§ **Data to use**:
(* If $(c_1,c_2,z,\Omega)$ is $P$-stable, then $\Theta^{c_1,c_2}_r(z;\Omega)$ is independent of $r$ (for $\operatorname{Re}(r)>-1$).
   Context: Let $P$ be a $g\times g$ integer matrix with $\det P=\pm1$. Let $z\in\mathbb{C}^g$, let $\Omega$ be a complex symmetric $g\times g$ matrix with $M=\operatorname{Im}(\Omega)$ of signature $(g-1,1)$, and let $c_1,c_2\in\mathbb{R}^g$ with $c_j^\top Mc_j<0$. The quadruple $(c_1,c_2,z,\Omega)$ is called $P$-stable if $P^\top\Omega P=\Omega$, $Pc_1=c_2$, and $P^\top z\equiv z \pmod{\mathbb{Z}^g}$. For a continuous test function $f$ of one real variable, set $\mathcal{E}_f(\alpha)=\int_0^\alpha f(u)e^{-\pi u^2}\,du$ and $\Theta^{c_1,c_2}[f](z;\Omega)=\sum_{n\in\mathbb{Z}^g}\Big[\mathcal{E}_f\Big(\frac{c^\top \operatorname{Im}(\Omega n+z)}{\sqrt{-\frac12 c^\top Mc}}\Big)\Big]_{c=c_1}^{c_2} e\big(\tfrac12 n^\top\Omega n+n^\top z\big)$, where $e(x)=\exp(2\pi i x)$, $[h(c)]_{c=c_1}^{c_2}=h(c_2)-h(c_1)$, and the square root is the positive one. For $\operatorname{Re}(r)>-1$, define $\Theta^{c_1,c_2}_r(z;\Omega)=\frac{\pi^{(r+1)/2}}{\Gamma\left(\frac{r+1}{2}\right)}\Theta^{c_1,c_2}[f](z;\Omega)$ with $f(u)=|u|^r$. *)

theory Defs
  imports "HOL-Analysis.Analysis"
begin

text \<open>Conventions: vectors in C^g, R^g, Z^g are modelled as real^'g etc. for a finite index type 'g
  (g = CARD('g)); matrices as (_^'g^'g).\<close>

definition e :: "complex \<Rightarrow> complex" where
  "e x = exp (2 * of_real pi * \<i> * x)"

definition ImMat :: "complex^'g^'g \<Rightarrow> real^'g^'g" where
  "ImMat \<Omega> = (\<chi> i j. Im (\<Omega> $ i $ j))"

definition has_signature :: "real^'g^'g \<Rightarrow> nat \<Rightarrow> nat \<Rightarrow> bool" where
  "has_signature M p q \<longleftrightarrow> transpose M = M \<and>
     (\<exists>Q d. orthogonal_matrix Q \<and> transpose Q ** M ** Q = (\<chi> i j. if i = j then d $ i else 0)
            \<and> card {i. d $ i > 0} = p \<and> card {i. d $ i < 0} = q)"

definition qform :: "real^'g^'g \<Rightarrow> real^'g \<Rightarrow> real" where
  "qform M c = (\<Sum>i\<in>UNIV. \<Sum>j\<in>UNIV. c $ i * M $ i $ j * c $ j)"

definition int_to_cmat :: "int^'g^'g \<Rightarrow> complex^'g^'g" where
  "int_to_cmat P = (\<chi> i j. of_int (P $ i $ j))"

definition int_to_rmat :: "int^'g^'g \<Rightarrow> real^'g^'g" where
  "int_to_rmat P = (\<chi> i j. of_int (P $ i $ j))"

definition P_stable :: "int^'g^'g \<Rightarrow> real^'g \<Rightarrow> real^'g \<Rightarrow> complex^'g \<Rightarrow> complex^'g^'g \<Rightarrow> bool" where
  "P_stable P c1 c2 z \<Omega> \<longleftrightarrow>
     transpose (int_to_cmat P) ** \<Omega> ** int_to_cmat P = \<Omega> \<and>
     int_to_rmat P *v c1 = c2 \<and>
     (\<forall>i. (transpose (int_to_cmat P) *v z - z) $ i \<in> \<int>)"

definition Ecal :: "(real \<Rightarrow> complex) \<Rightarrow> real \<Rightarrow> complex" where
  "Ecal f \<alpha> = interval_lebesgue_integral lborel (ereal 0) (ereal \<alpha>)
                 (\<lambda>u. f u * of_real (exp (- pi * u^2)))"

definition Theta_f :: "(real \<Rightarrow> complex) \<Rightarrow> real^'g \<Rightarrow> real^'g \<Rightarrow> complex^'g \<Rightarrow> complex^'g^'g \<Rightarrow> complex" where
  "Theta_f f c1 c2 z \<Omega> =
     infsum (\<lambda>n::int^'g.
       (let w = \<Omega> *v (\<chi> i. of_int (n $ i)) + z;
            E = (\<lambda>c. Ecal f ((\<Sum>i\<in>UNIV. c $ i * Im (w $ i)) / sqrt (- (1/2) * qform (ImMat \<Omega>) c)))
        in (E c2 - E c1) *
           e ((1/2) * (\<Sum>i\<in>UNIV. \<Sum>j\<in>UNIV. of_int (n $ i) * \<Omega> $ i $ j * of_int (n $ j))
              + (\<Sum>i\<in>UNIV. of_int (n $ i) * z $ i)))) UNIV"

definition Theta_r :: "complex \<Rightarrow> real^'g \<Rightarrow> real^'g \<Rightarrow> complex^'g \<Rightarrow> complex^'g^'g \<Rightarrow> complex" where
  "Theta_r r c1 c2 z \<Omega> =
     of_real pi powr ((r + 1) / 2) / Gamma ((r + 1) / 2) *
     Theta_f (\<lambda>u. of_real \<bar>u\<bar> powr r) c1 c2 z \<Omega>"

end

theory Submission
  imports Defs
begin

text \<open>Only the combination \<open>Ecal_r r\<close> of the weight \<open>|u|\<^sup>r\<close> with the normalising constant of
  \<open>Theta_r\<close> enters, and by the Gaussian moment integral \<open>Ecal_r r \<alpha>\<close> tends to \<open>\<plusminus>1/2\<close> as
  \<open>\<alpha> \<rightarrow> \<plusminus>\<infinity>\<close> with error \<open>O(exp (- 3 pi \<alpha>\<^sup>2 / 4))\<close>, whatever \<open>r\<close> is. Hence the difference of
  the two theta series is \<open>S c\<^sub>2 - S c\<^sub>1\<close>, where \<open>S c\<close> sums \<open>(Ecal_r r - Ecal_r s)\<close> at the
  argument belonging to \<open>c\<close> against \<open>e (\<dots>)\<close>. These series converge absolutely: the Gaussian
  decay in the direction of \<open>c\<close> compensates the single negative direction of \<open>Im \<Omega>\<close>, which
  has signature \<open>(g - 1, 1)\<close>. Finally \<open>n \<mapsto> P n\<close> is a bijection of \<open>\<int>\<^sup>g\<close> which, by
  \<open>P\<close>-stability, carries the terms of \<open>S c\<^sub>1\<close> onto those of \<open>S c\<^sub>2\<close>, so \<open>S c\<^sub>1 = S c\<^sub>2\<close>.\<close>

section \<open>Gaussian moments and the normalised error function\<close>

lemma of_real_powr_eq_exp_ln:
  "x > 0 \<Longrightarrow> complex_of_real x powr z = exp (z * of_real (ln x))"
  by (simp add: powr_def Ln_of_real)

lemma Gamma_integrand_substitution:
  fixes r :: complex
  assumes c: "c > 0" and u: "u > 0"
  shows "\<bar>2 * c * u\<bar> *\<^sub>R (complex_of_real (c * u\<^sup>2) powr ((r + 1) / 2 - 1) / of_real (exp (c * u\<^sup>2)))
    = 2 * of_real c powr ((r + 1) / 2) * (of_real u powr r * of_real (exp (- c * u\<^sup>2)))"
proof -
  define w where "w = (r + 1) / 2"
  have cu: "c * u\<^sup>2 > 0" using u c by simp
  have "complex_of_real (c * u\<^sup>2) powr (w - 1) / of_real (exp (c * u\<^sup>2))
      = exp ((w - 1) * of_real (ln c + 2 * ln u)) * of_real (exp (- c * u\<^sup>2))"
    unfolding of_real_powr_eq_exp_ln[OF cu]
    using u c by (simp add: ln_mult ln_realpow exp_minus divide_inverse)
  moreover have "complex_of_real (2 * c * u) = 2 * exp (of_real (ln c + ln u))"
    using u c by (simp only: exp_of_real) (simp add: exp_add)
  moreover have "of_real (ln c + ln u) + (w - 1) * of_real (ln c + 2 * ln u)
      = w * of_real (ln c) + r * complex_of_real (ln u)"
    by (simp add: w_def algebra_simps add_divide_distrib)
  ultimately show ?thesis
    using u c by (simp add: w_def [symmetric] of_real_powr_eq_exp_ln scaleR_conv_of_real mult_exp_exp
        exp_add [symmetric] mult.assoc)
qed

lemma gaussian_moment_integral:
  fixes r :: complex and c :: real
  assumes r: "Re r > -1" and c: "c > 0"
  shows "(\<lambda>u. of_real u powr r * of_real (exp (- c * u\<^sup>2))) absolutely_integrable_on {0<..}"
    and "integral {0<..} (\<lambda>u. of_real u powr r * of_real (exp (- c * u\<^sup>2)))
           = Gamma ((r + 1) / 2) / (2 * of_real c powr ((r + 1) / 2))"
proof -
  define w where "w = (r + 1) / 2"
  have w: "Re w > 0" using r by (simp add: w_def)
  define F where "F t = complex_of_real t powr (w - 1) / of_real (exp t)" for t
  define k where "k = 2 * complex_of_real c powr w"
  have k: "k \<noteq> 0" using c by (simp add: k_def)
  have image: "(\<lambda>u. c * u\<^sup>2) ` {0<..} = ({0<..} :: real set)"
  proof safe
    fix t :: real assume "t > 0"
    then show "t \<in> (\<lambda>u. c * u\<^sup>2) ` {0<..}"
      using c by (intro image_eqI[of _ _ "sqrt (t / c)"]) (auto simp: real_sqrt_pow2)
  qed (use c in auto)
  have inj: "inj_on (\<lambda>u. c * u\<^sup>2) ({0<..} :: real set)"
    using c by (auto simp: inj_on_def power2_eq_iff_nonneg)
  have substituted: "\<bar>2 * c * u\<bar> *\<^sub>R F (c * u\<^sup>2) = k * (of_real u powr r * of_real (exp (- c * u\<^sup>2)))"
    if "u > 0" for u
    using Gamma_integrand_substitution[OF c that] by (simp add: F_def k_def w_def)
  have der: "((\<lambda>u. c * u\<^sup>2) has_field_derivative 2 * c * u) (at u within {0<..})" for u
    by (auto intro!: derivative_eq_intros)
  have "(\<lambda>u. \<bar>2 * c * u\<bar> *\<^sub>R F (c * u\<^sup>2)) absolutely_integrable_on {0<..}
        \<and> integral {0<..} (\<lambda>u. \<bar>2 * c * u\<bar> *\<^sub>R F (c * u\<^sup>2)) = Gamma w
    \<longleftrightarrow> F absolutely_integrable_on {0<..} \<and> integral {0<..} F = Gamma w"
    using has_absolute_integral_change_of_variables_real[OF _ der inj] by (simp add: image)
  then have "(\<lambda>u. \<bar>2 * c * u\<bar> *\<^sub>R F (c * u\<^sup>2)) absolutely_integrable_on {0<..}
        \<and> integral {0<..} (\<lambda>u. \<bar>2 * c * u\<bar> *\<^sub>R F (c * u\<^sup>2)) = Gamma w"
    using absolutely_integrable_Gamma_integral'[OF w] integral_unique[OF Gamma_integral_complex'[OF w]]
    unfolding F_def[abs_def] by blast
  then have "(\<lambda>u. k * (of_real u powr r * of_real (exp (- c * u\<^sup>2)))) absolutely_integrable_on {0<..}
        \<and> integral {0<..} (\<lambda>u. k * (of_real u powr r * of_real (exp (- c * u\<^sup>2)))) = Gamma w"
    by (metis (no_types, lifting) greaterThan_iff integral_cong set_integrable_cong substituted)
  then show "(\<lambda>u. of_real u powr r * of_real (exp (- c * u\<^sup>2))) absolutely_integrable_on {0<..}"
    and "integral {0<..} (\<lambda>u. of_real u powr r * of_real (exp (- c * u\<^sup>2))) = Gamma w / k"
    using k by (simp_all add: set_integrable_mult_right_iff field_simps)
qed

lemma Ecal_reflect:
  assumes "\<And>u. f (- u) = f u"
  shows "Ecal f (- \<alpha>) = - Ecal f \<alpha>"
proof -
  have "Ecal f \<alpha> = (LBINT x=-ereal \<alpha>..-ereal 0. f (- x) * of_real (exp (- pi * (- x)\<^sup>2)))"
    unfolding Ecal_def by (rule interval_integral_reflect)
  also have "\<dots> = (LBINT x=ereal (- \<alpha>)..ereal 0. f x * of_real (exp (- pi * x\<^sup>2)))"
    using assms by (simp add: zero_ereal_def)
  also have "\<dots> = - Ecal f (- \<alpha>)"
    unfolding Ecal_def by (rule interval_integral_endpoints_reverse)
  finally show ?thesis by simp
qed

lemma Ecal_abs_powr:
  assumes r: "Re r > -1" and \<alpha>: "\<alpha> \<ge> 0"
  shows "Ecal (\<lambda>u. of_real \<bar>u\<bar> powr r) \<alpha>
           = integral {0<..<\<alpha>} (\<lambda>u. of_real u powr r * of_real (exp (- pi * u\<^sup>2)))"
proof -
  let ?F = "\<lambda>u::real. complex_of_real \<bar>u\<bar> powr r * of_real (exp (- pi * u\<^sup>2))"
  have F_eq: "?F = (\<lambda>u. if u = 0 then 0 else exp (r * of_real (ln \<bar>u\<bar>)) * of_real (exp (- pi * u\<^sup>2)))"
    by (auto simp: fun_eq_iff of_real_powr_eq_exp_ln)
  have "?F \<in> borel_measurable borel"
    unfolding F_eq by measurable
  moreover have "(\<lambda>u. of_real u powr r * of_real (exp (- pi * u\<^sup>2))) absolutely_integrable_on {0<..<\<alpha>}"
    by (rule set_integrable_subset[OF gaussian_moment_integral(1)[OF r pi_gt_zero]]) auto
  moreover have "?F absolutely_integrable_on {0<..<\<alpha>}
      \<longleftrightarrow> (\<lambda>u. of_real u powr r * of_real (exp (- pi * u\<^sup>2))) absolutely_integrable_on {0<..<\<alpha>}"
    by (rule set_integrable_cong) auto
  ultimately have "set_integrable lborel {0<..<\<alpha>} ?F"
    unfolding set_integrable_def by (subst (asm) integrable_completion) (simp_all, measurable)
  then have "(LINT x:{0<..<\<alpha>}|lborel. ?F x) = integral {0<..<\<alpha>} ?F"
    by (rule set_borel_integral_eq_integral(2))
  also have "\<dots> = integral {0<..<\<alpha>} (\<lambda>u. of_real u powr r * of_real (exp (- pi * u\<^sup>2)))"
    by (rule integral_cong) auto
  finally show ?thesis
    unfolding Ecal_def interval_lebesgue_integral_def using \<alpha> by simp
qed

§ **Required work**:
When you answer, output each line of the data exactly as given, from its first line up to and including the one with "(g = CARD('g));".

§ **Reply to the task**:
(* If $(c_1,c_2,z,\Omega)$ is $P$-stable, then $\Theta^{c_1,c_2}_r(z;\Omega)$ is independent of $r$ (for $\operatorname{Re}(r)>-1$).
   Context: Let $P$ be a $g\times g$ integer matrix with $\det P=\pm1$. Let $z\in\mathbb{C}^g$, let $\Omega$ be a complex symmetric $g\times g$ matrix with $M=\operatorname{Im}(\Omega)$ of signature $(g-1,1)$, and let $c_1,c_2\in\mathbb{R}^g$ with $c_j^\top Mc_j<0$. The quadruple $(c_1,c_2,z,\Omega)$ is called $P$-stable if $P^\top\Omega P=\Omega$, $Pc_1=c_2$, and $P^\top z\equiv z \pmod{\mathbb{Z}^g}$. For a continuous test function $f$ of one real variable, set $\mathcal{E}_f(\alpha)=\int_0^\alpha f(u)e^{-\pi u^2}\,du$ and $\Theta^{c_1,c_2}[f](z;\Omega)=\sum_{n\in\mathbb{Z}^g}\Big[\mathcal{E}_f\Big(\frac{c^\top \operatorname{Im}(\Omega n+z)}{\sqrt{-\frac12 c^\top Mc}}\Big)\Big]_{c=c_1}^{c_2} e\big(\tfrac12 n^\top\Omega n+n^\top z\big)$, where $e(x)=\exp(2\pi i x)$, $[h(c)]_{c=c_1}^{c_2}=h(c_2)-h(c_1)$, and the square root is the positive one. For $\operatorname{Re}(r)>-1$, define $\Theta^{c_1,c_2}_r(z;\Omega)=\frac{\pi^{(r+1)/2}}{\Gamma\left(\frac{r+1}{2}\right)}\Theta^{c_1,c_2}[f](z;\Omega)$ with $f(u)=|u|^r$. *)

theory Defs
  imports "HOL-Analysis.Analysis"
begin

text \<open>Conventions: vectors in C^g, R^g, Z^g are modelled as real^'g etc. for a finite index type 'g
  (g = CARD('g)); matrices as (_^'g^'g).\<close>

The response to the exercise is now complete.